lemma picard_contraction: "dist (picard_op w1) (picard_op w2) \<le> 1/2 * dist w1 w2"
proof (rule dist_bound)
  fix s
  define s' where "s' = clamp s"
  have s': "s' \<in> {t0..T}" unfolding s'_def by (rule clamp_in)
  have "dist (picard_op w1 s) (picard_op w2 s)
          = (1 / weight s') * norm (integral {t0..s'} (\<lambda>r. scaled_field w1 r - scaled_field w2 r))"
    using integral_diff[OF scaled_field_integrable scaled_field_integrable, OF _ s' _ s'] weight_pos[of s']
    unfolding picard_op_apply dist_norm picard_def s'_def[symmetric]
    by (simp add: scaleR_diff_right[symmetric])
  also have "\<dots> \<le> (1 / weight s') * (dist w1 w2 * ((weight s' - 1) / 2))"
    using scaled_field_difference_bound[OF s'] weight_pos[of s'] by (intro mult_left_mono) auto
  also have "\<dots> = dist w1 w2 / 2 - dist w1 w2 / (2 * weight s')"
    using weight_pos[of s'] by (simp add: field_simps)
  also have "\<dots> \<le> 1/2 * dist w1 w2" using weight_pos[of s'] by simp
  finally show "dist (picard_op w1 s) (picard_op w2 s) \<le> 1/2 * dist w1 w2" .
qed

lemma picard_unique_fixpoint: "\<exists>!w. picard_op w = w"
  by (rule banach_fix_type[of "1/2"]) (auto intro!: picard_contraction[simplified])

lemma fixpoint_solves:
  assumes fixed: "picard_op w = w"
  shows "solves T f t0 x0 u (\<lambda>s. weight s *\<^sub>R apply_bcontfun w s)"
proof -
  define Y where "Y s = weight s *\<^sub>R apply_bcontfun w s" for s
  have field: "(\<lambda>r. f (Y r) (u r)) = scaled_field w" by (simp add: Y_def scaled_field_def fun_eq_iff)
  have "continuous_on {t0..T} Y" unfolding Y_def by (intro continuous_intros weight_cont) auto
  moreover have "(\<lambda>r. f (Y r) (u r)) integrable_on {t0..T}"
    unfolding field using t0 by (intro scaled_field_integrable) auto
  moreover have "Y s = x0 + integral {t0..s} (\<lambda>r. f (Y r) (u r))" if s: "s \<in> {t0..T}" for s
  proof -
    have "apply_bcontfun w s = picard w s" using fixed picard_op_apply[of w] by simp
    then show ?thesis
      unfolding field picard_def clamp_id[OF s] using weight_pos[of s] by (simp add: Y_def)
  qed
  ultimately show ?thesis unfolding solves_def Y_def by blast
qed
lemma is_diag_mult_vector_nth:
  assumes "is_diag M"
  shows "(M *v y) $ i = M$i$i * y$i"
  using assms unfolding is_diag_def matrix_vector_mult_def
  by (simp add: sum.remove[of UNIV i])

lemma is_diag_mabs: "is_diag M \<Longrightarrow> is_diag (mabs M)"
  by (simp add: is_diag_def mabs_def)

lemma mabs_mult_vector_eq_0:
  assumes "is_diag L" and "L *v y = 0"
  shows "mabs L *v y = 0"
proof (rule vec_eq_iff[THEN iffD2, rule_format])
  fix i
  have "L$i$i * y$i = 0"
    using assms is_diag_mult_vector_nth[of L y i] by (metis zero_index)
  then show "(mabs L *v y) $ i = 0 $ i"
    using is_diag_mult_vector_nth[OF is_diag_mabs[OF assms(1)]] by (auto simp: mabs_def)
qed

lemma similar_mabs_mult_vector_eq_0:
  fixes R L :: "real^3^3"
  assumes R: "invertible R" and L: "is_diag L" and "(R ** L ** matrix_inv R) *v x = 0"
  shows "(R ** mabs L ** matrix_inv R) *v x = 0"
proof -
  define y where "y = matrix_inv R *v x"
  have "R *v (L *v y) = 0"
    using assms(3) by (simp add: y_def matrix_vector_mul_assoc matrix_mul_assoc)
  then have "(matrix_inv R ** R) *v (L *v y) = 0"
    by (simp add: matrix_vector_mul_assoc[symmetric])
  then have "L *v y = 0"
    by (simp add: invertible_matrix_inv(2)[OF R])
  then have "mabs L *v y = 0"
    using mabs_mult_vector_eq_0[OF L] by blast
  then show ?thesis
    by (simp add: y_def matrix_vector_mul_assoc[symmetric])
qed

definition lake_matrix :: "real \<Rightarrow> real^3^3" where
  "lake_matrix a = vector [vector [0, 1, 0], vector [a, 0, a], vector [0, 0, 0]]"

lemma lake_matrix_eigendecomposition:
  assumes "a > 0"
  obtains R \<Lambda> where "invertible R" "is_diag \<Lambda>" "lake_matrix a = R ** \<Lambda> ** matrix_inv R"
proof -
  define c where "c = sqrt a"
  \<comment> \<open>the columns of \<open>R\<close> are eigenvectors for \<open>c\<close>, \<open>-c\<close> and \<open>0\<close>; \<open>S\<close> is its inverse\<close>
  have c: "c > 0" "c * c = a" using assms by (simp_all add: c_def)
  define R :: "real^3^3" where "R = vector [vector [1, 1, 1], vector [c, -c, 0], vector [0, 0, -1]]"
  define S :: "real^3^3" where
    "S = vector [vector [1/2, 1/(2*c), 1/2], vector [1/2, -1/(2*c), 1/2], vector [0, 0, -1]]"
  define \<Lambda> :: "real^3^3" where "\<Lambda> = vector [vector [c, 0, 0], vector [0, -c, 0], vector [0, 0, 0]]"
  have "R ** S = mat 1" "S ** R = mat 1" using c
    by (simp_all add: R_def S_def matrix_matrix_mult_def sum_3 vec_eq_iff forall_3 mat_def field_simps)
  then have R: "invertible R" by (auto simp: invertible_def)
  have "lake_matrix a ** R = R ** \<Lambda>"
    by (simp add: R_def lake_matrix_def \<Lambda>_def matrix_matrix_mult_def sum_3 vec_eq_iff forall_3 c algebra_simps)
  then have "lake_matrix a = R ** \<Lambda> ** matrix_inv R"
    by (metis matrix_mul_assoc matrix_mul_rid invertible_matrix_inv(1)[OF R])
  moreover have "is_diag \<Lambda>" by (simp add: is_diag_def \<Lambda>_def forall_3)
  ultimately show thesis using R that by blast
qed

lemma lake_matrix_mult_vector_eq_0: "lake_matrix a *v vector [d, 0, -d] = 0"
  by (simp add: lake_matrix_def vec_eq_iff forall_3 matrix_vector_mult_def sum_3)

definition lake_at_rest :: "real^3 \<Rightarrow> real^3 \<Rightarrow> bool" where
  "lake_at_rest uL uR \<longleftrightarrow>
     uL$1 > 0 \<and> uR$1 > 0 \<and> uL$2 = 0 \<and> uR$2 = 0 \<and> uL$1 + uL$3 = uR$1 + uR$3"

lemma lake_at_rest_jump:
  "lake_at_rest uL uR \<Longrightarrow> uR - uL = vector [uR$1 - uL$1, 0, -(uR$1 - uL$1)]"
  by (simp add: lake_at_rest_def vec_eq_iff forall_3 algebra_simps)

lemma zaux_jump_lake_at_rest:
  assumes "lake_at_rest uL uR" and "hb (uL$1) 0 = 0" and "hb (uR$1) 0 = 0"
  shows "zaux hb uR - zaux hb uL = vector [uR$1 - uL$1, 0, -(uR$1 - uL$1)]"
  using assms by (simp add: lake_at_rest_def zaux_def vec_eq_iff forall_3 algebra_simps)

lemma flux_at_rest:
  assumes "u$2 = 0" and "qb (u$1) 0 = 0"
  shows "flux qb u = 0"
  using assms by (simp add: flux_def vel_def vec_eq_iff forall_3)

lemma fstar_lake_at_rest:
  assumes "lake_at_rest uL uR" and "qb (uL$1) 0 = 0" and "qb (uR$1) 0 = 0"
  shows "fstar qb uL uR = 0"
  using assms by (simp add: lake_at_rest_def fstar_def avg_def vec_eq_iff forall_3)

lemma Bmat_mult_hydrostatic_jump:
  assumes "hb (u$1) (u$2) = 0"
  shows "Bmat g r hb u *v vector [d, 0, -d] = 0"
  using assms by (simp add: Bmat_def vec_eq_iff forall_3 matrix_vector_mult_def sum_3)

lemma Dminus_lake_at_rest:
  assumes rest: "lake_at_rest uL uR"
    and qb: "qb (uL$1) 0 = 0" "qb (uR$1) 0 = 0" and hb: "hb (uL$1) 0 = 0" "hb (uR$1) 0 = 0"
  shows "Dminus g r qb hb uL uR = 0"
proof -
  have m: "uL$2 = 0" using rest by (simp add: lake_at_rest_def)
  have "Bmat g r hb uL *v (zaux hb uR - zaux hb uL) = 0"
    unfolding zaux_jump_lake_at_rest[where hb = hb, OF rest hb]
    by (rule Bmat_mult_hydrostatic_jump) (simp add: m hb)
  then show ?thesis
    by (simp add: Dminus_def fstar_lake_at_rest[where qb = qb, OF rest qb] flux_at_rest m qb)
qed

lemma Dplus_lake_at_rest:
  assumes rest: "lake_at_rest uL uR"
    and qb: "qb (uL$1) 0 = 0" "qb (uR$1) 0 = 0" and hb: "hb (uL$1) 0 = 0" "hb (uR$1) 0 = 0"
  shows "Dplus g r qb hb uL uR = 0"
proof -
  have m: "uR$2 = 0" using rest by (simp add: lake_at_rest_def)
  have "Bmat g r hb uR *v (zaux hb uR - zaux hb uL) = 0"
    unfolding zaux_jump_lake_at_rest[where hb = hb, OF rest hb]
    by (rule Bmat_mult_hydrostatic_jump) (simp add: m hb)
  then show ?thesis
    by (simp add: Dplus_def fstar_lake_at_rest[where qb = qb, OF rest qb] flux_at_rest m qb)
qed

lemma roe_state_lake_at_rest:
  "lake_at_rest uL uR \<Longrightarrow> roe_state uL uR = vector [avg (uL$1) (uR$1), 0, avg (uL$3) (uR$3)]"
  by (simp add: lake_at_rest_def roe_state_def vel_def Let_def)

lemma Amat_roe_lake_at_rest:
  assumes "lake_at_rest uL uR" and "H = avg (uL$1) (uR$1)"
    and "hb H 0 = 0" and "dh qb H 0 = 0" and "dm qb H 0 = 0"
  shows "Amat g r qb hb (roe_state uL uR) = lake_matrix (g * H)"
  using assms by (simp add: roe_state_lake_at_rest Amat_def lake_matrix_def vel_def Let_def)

*EXERCISE DETAILS:* In the records above, collect each line with "metis".

*FINISHED EXERCISE:*
    using assms is_diag_mult_vector_nth[of L y i] by (metis zero_index)
    by (metis matrix_mul_assoc matrix_mul_rid invertible_matrix_inv(1)[OF R])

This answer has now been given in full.